Exercise description
Restate verbatim the span of lines below between the line with "using arg_cong[OF u[of t], of" and the line with "u = (block_ext", including those two lines, and only that span.

^^^^^^^^

lemma sol_blocks_ode_sol:
  "ode_sol A ns h \<Delta> N \<mu> (\<lambda>m. x ((real m - 1) * \<Delta>)) (\<lambda>m s. x ((s + real m - 1) * \<Delta>))"
  unfolding ode_sol_def
proof (intro ballI conjI)
  fix n assume n: "n \<in> {1..N}"
  show "x ((0 + real n - 1) * \<Delta>) = x ((real n - 1) * \<Delta>)"
    by simp
  fix s :: real assume s: "s \<in> {0..1}"
  define f where "f s = (s + real n - 1) * \<Delta>" for s
  have fs: "f s \<ge> 0"
    using s n Delta_pos unfolding f_def by auto
  have "(f has_vector_derivative \<Delta>) (at s within {0..1})"
    unfolding f_def by (auto intro!: derivative_eq_intros)
  moreover have "(x has_vector_derivative rhs x (f s)) (at (f s) within f ` {0..1})"
    using n Delta_pos by (intro has_vector_derivative_within_subset[OF dde_solD(3)[OF x fs]]) (auto simp: f_def)
  ultimately have "((x \<circ> f) has_vector_derivative \<Delta> *\<^sub>R rhs x (f s)) (at s within {0..1})"
    by (rule vector_diff_chain_within)
  moreover have "\<Delta> *\<^sub>R rhs x (f s) = Amul A ns h \<Delta> N \<mu> s (\<lambda>m. x ((s + real m - 1) * \<Delta>)) n"
    unfolding Amul_def scaleR_eq_of_real_vector_scalar_mult rhs_def
  proof (intro arg_cong2[where f="(*s)"] refl sum.cong)
    fix j assume j: "j \<in> {..h}"
    define k where "k = int n - int (ns j)"
    have "(s + of_int k - 1) * \<Delta> \<ge> - real (ns h) * \<Delta>"
      using s n Delta_pos ns_le_ns_h[of j] j unfolding k_def by (intro mult_right_mono) auto
    then have "x ((s + of_int k - 1) * \<Delta>) = \<mu> powi a_idx N k *s x ((s + real (b_idx N k) - 1) * \<Delta>)"
      using s n unfolding k_def by (intro sol_reduce_to_period) (auto simp: tau_def)
    moreover have "f s - tau ns \<Delta> j = (s + of_int k - 1) * \<Delta>"
      unfolding f_def k_def tau_def by (simp add: algebra_simps)
    ultimately show "cmat (A j (f s)) *v x (f s - tau ns \<Delta> j) =
        cmat (A j ((s + real n - 1) * \<Delta>)) *v
          (\<mu> powi a_idx N (int n - int (ns j)) *s x ((s + real (b_idx N (int n - int (ns j))) - 1) * \<Delta>))"
      by (simp add: f_def k_def)
  qed
  ultimately show "((\<lambda>s. x ((s + real n - 1) * \<Delta>)) has_vector_derivative
      Amul A ns h \<Delta> N \<mu> s (\<lambda>m. x ((s + real m - 1) * \<Delta>)) n) (at s within {0..1})"
    by (simp add: f_def o_def)
qed

end

theorem eigenfunction_imp_charN_eq_0:
  assumes \<phi>: "continuous_on {- tau ns \<Delta> h..0} \<phi>"
    and eigen: "\<And>\<theta>. \<theta> \<in> {- tau ns \<Delta> h..0} \<Longrightarrow> dde_x A ns h \<Delta> 0 \<phi> (real N * \<Delta> + \<theta>) = \<mu> *s \<phi> \<theta>"
    and n: "n \<in> {1..N}"
  shows "charN A ns h \<Delta> N \<mu> (\<lambda>m. dde_x A ns h \<Delta> 0 \<phi> ((real m - 1) * \<Delta>)) n = 0"
proof -
  obtain x where x: "dde_sol A ns h \<Delta> 0 \<phi> x"
    using dde_sol_exists[OF \<phi>] by blast
  have dde_x_eq: "dde_x A ns h \<Delta> 0 \<phi> t = x t" if "t \<ge> 0" for t
    using that tau_nonneg[of h] by (intro dde_x_eqI[OF x]) auto
  define v where "v m = dde_x A ns h \<Delta> 0 \<phi> ((real m - 1) * \<Delta>)" for m :: nat
  have v: "v m = x ((real m - 1) * \<Delta>)" if "m \<in> {1..N}" for m
    unfolding v_def using that Delta_pos by (intro dde_x_eq) auto
  have q: "ode_sol A ns h \<Delta> N \<mu> v (\<lambda>m s. x ((s + real m - 1) * \<Delta>))"
    using sol_blocks_ode_sol[OF x eigen] v unfolding ode_sol_def by simp
  have "ode_q A ns h \<Delta> N \<mu> v n 1 = x (real n * \<Delta>)"
    using ode_q_eqI[OF N_pos q n, of 1] by simp
  moreover have "Bmul N \<mu> v n = x (real n * \<Delta>)"
  proof (cases "n < N")
    case True
    then show ?thesis
      using v[of "Suc n"] n by (simp add: Bmul_def)
  next
    case False
    then have "n = N"
      using n by simp
    then show ?thesis
      using False v[of 1] N_pos sol_shift_period[OF x eigen, of 0] tau_nonneg[of h] by (simp add: Bmul_def)
  qed
  ultimately show ?thesis
    unfolding charN_def v_def by simp
qed

text \<open>\<open>block_ext v k\<close> is the paper's \<open>\<mu>\<^sup>a\<^sub>k q\<^sub>b\<^sub>k\<close>, defined for every integer \<open>k\<close>; \<open>floquet_ext v\<close>
  runs through these blocks on consecutive intervals of length \<open>\<Delta>\<close> and extends \<open>\<phi>\<close>-hat to the
  whole real line.\<close>
definition block_ext :: "(nat \<Rightarrow> complex^'d) \<Rightarrow> int \<Rightarrow> real \<Rightarrow> complex^'d" where
  "block_ext v k s = \<mu> powi a_idx N k *s ode_q A ns h \<Delta> N \<mu> v (b_idx N k) s"

definition floquet_ext :: "(nat \<Rightarrow> complex^'d) \<Rightarrow> real \<Rightarrow> complex^'d" where
  "floquet_ext v t = block_ext v (\<lfloor>t / \<Delta>\<rfloor> + 1) (t / \<Delta> - of_int \<lfloor>t / \<Delta>\<rfloor>)"

lemma block_ext_add_mult_N: "block_ext v (k + m * int N) s = \<mu> powi m *s block_ext v k s"
proof -
  have "\<mu> powi (a_idx N k + m) = \<mu> powi m * \<mu> powi a_idx N k"
    using mu_nonzero by (simp add: power_int_add mult.commute)
  then show ?thesis
    unfolding block_ext_def idx_add_mult[OF N_pos] by (simp add: vector_smult_assoc)
qed

lemma block_ext_has_vector_derivative:
  assumes s: "s \<in> {0..1}"
  shows "(block_ext v k has_vector_derivative
      \<mu> powi a_idx N k *s Amul A ns h \<Delta> N \<mu> s (\<lambda>m. ode_q A ns h \<Delta> N \<mu> v m s) (b_idx N k)) (at s within {0..1})"
proof -
  obtain q where q: "ode_sol A ns h \<Delta> N \<mu> v q"
    using ode_sol_exists[OF N_pos] by blast
  have Q: "ode_q A ns h \<Delta> N \<mu> v m u = q m u" if "m \<in> {1..N}" "u \<in> {0..1}" for m u
    using ode_q_eqI[OF N_pos q that] .
  have b: "b_idx N k \<in> {1..N}"
    using b_idx_in_range[OF N_pos] .
  have Amul: "Amul A ns h \<Delta> N \<mu> s (\<lambda>m. ode_q A ns h \<Delta> N \<mu> v m s) (b_idx N k) = Amul A ns h \<Delta> N \<mu> s (\<lambda>m. q m s) (b_idx N k)"
    unfolding Amul_def using Q[OF b_idx_in_range[OF N_pos] s] by simp
  have "(q (b_idx N k) has_vector_derivative Amul A ns h \<Delta> N \<mu> s (\<lambda>m. q m s) (b_idx N k)) (at s within {0..1})"
    using q b s unfolding ode_sol_def by simp
  then have "(ode_q A ns h \<Delta> N \<mu> v (b_idx N k) has_vector_derivative
      Amul A ns h \<Delta> N \<mu> s (\<lambda>m. ode_q A ns h \<Delta> N \<mu> v m s) (b_idx N k)) (at s within {0..1})"
    unfolding Amul by (rule has_vector_derivative_transform[OF s, rotated]) (rule Q[OF b])
  then show ?thesis
    unfolding block_ext_def[abs_def]
    by (rule bounded_linear.has_vector_derivative[OF bounded_linear_vector_scalar_mult])
qed

context
  fixes v
  assumes charN_zero: "\<And>n. n \<in> {1..N} \<Longrightarrow> charN A ns h \<Delta> N \<mu> v n = 0"
begin

text \<open>Consecutive blocks join continuously exactly because \<open>q(1) = B(\<mu>) v\<close>.\<close>
lemma block_ext_1_eq_0: "block_ext v k 1 = block_ext v (k + 1) 0"
proof -
  have q1: "ode_q A ns h \<Delta> N \<mu> v n 1 = Bmul N \<mu> v n" if "n \<in> {1..N}" for n
    using charN_zero[OF that] unfolding charN_def by simp
  obtain q where q: "ode_sol A ns h \<Delta> N \<mu> v q"
    using ode_sol_exists[OF N_pos] by blast
  have q0: "ode_q A ns h \<Delta> N \<mu> v n 0 = v n" if "n \<in> {1..N}" for n
    using ode_q_eqI[OF N_pos q that, of 0] q that unfolding ode_sol_def by simp
  have b: "b_idx N k \<in> {1..N}"
    using b_idx_in_range[OF N_pos] .
  show ?thesis
  proof (cases "b_idx N k < N")
    case True
    then show ?thesis
      using idx_add_1(1)[OF N_pos True] q1[OF b] q0[of "b_idx N k + 1"] b
      by (simp add: block_ext_def Bmul_def)
  next
    case False
    then have "b_idx N k = N"
      using b by simp
    then show ?thesis
      using idx_add_1(2)[OF N_pos] q1[OF b] q0[of 1] N_pos mu_nonzero
      by (simp add: block_ext_def Bmul_def vector_smult_assoc power_int_add_1)
  qed
qed

lemma floquet_ext_eq:
  assumes s: "s \<in> {0..1}"
  shows "floquet_ext v ((of_int k - 1 + s) * \<Delta>) = block_ext v k s"
proof (cases "s < 1")
  case True
  then have "\<lfloor>of_int k - 1 + s\<rfloor> = k - 1"
    using s by (simp add: floor_eq_iff)
  then show ?thesis
    unfolding floquet_ext_def using Delta_pos by simp
next
  case False
  then have "s = 1"
    using s by simp
  then show ?thesis
    unfolding floquet_ext_def using Delta_pos block_ext_1_eq_0 by simp
qed

lemma floquet_ext_eq_floor:
  obtains k s where "s \<in> {0..1}" "t = (of_int k - 1 + s) * \<Delta>"
proof
  show "t / \<Delta> - of_int \<lfloor>t / \<Delta>\<rfloor> \<in> {0..1}"
    by (auto simp: floor_le_iff) linarith
  show "t = (of_int (\<lfloor>t / \<Delta>\<rfloor> + 1) - 1 + (t / \<Delta> - of_int \<lfloor>t / \<Delta>\<rfloor>)) * \<Delta>"
    using Delta_pos by simp
qed

lemma floquet_ext_add_period: "floquet_ext v (real N * \<Delta> + t) = \<mu> *s floquet_ext v t"
proof -
  obtain k s where s: "s \<in> {0..1}" and t: "t = (of_int k - 1 + s) * \<Delta>"
    by (rule floquet_ext_eq_floor)
  have "real N * \<Delta> + t = (of_int (k + int N) - 1 + s) * \<Delta>"
    unfolding t by (simp add: algebra_simps)
  then have "floquet_ext v (real N * \<Delta> + t) = block_ext v (k + int N) s"
    using floquet_ext_eq[OF s, of "k + int N"] by (simp only:)
  also have "\<dots> = \<mu> *s floquet_ext v t"
    unfolding t floquet_ext_eq[OF s] using block_ext_add_mult_N[of v k 1 s] by simp
  finally show ?thesis .
qed

lemma floquet_ext_delayed:
  assumes s: "s \<in> {0..1}"
  shows "floquet_ext v ((of_int k - 1 + s) * \<Delta> - tau ns \<Delta> j) =
    \<mu> powi a_idx N k *s block_ext v (int (b_idx N k) - int (ns j)) s"
proof -
  have "(of_int k - 1 + s) * \<Delta> - tau ns \<Delta> j =
      (of_int (int (b_idx N k) - int (ns j) + a_idx N k * int N) - 1 + s) * \<Delta>"
    using arg_cong[OF idx_decomp[OF N_pos, of k], of real_of_int] by (simp add: tau_def algebra_simps)
  then have "floquet_ext v ((of_int k - 1 + s) * \<Delta> - tau ns \<Delta> j) =
      block_ext v (int (b_idx N k) - int (ns j) + a_idx N k * int N) s"
    using floquet_ext_eq[OF s] by (simp only:)
  then show ?thesis
    unfolding block_ext_add_mult_N .
qed

lemma rhs_floquet_ext:
  assumes s: "s \<in> {0..1}"
  shows "rhs (floquet_ext v) ((of_int k - 1 + s) * \<Delta>) =
    (1 / \<Delta>) *\<^sub>R (\<mu> powi a_idx N k *s Amul A ns h \<Delta> N \<mu> s (\<lambda>m. ode_q A ns h \<Delta> N \<mu> v m s) (b_idx N k))"
proof -
  define a where "a = a_idx N k"
  define b where "b = b_idx N k"
  have "complex_of_real (1 / \<Delta>) * complex_of_real \<Delta> = 1"
    using Delta_pos by (simp flip: of_real_mult)
  then have scale: "(1 / \<Delta>) *\<^sub>R (\<mu> powi a *s (complex_of_real \<Delta> *s X)) = \<mu> powi a *s X" for X :: "complex^'d"
    using Delta_pos by (simp add: scaleR_eq_of_real_vector_scalar_mult vector_smult_assoc mult.left_commute[of "complex_of_real (1 / \<Delta>)"])
  have "(1 / \<Delta>) *\<^sub>R (\<mu> powi a *s Amul A ns h \<Delta> N \<mu> s (\<lambda>m. ode_q A ns h \<Delta> N \<mu> v m s) b) =
      \<mu> powi a *s (\<Sum>j\<le>h. cmat (A j ((s + real b - 1) * \<Delta>)) *v
        (\<mu> powi a_idx N (int b - int (ns j)) *s ode_q A ns h \<Delta> N \<mu> v (b_idx N (int b - int (ns j))) s))"
    unfolding Amul_def scale ..
  also have "\<dots> = (\<Sum>j\<le>h. cmat (A j ((s + real b - 1) * \<Delta>)) *v
        (\<mu> powi a *s (\<mu> powi a_idx N (int b - int (ns j)) *s ode_q A ns h \<Delta> N \<mu> v (b_idx N (int b - int (ns j))) s)))"
    unfolding vec.scale_sum_right vector_scalar_commute ..
  also have "\<dots> = rhs (floquet_ext v) ((of_int k - 1 + s) * \<Delta>)"
    unfolding rhs_def
  proof (rule sum.cong[OF refl])
    fix j assume j: "j \<in> {..h}"
    have "(of_int k - 1 + s) * \<Delta> = (s + real b - 1) * \<Delta> + of_int a * (real N * \<Delta>)"
      using arg_cong[OF idx_decomp[OF N_pos, of k], of real_of_int]
      unfolding a_def b_def by (simp add: algebra_simps)
    then have "A j ((s + real b - 1) * \<Delta>) = A j ((of_int k - 1 + s) * \<Delta>)"
      using A_periodic_int j by simp
    with floquet_ext_delayed[OF s, of k j]
    show "cmat (A j ((s + real b - 1) * \<Delta>)) *v
        (\<mu> powi a *s (\<mu> powi a_idx N (int b - int (ns j)) *s ode_q A ns h \<Delta> N \<mu> v (b_idx N (int b - int (ns j))) s)) =
      cmat (A j ((of_int k - 1 + s) * \<Delta>)) *v floquet_ext v ((of_int k - 1 + s) * \<Delta> - tau ns \<Delta> j)"
      unfolding a_def b_def by (simp add: block_ext_def)
  qed
  finally show ?thesis
    unfolding a_def b_def ..
qed

lemma floquet_ext_has_vector_derivative_on_step:
  assumes t: "t \<in> {(of_int k - 1) * \<Delta>..of_int k * \<Delta>}"
  shows "(floquet_ext v has_vector_derivative rhs (floquet_ext v) t) (at t within {(of_int k - 1) * \<Delta>..of_int k * \<Delta>})"
proof -
  define I where "I = {(of_int k - 1) * \<Delta>..of_int k * \<Delta>}"
  define g where "g u = u / \<Delta> - (of_int k - 1)" for u
  have g: "g u \<in> {0..1}" if "u \<in> I" for u
    using that Delta_pos unfolding g_def I_def by (auto simp: field_simps)
  have u: "u = (of_int k - 1 + g u) * \<Delta>" for u
    unfolding g_def using Delta_pos by simp
  let ?D = "\<mu> powi a_idx N k *s Amul A ns h \<Delta> N \<mu> (g t) (\<lambda>m. ode_q A ns h \<Delta> N \<mu> v m (g t)) (b_idx N k)"
  have "(g has_vector_derivative 1 / \<Delta>) (at t within I)"
    unfolding g_def by (auto intro!: derivative_eq_intros simp: divide_inverse)
  moreover have "(block_ext v k has_vector_derivative ?D) (at (g t) within g ` I)"
    using g t unfolding I_def[symmetric]
    by (intro has_vector_derivative_within_subset[OF block_ext_has_vector_derivative]) auto
  ultimately have "((block_ext v k \<circ> g) has_vector_derivative (1 / \<Delta>) *\<^sub>R ?D) (at t within I)"
    by (rule vector_diff_chain_within)
  moreover have "rhs (floquet_ext v) t = (1 / \<Delta>) *\<^sub>R ?D"
  proof -
    have "rhs (floquet_ext v) t = rhs (floquet_ext v) ((of_int k - 1 + g t) * \<Delta>)"
      using arg_cong[OF u[of t], of "rhs (floquet_ext v)"] .
    also have "\<dots> = (1 / \<Delta>) *\<^sub>R ?D"
      using t unfolding I_def[symmetric] by (intro rhs_floquet_ext g)
    finally show ?thesis .
  qed
  moreover have "floquet_ext v u = (block_ext v k \<circ> g) u" if "u \<in> I" for u
    using arg_cong[OF u[of u], of "floquet_ext v"] floquet_ext_eq[OF g[OF that], of k] by simp
  ultimately show ?thesis
    using t unfolding I_def[symmetric] by (metis has_vector_derivative_transform)
qed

^^^^^^^^

Solved problem
      using arg_cong[OF u[of t], of "rhs (floquet_ext v)"] .
    also have "\<dots> = (1 / \<Delta>) *\<^sub>R ?D"
      using t unfolding I_def[symmetric] by (intro rhs_floquet_ext g)
    finally show ?thesis .
  qed
  moreover have "floquet_ext v u = (block_ext v k \<circ> g) u" if "u \<in> I" for u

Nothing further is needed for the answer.